Data for the task:
▽
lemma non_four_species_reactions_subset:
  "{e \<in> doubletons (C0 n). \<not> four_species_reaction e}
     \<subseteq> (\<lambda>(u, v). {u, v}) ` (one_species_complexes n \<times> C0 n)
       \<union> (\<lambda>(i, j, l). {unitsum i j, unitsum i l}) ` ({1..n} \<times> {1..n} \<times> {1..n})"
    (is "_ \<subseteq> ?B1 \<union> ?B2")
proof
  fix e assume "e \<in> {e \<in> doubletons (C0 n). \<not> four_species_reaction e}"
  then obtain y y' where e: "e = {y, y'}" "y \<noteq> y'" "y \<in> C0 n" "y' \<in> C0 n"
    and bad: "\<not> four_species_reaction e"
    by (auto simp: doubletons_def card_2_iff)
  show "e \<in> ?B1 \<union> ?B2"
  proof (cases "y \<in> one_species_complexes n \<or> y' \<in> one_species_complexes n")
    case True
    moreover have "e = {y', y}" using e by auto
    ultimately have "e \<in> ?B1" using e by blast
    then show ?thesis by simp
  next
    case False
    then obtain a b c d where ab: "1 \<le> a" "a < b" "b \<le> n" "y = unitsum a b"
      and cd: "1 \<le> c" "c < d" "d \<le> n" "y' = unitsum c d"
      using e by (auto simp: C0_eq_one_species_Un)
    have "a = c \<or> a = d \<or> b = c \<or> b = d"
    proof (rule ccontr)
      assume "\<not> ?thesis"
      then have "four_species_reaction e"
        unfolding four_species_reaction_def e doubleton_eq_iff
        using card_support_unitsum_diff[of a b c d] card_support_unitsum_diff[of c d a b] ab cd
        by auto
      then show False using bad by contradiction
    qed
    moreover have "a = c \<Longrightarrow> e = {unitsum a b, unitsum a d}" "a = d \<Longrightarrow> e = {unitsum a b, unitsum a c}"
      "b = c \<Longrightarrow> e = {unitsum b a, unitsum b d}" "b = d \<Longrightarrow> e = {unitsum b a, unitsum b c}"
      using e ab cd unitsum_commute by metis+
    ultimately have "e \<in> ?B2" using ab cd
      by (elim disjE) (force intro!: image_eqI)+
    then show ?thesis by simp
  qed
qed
△
Bring together every line in the entries that holds the string "moreover".

Answer for this exercise:
    moreover have "e = {y', y}" using e by auto
    moreover have "a = c \<Longrightarrow> e = {unitsum a b, unitsum a d}" "a = d \<Longrightarrow> e = {unitsum a b, unitsum a c}"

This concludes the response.